__ASSIGNMENT__
Every line below between the one holding "P b \<longleftrightarrow>" and the one holding "(\<forall>t\<in>V. peripheral_extension X", inclusive, should be copied exactly, and no other line.

[Items from a data source]
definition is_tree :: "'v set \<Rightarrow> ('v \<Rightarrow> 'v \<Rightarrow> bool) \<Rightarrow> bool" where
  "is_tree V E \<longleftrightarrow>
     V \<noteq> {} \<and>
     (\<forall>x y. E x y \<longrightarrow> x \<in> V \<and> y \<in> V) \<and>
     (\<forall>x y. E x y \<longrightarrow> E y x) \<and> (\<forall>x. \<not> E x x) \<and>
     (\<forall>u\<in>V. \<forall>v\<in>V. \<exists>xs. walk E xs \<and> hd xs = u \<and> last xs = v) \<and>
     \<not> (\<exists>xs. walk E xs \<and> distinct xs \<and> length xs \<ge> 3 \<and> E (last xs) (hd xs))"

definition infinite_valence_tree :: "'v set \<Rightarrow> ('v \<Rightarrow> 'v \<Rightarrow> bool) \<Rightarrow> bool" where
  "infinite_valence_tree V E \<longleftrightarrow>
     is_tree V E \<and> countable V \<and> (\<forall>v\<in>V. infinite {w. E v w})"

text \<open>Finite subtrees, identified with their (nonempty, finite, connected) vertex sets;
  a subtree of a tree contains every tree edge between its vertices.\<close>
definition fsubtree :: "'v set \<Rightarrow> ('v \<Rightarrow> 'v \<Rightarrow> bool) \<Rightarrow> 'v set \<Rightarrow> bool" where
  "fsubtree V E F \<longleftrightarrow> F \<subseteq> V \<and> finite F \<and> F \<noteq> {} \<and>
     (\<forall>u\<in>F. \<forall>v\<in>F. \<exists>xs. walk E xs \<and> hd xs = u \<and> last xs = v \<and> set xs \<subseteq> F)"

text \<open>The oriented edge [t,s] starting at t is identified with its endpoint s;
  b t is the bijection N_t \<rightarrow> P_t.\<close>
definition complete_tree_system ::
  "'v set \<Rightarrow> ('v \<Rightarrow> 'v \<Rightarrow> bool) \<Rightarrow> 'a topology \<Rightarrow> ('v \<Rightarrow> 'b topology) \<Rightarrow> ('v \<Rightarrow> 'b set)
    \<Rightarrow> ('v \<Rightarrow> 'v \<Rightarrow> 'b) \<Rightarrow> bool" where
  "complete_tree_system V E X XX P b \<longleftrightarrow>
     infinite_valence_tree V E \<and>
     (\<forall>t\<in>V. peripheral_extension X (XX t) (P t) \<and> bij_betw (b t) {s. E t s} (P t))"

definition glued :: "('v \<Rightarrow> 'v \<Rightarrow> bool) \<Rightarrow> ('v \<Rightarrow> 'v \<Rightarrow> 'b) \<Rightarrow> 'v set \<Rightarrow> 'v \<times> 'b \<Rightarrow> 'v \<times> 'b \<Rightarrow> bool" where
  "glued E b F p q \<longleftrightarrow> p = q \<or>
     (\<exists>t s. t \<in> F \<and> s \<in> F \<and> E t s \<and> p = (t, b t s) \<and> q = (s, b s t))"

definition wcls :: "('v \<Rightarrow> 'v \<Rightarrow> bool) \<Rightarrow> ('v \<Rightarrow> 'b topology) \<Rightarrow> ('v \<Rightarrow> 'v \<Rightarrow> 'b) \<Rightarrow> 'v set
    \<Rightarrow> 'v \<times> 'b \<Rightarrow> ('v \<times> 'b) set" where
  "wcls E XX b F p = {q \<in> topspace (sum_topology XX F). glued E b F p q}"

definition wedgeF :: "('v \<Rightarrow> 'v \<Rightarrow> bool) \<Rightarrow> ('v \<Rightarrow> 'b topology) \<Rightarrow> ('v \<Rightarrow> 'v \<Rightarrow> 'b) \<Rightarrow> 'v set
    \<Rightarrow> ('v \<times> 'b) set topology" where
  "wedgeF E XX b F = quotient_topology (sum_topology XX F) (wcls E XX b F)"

__RESULT__
  "complete_tree_system V E X XX P b \<longleftrightarrow>
     infinite_valence_tree V E \<and>
     (\<forall>t\<in>V. peripheral_extension X (XX t) (P t) \<and> bij_betw (b t) {s. E t s} (P t))"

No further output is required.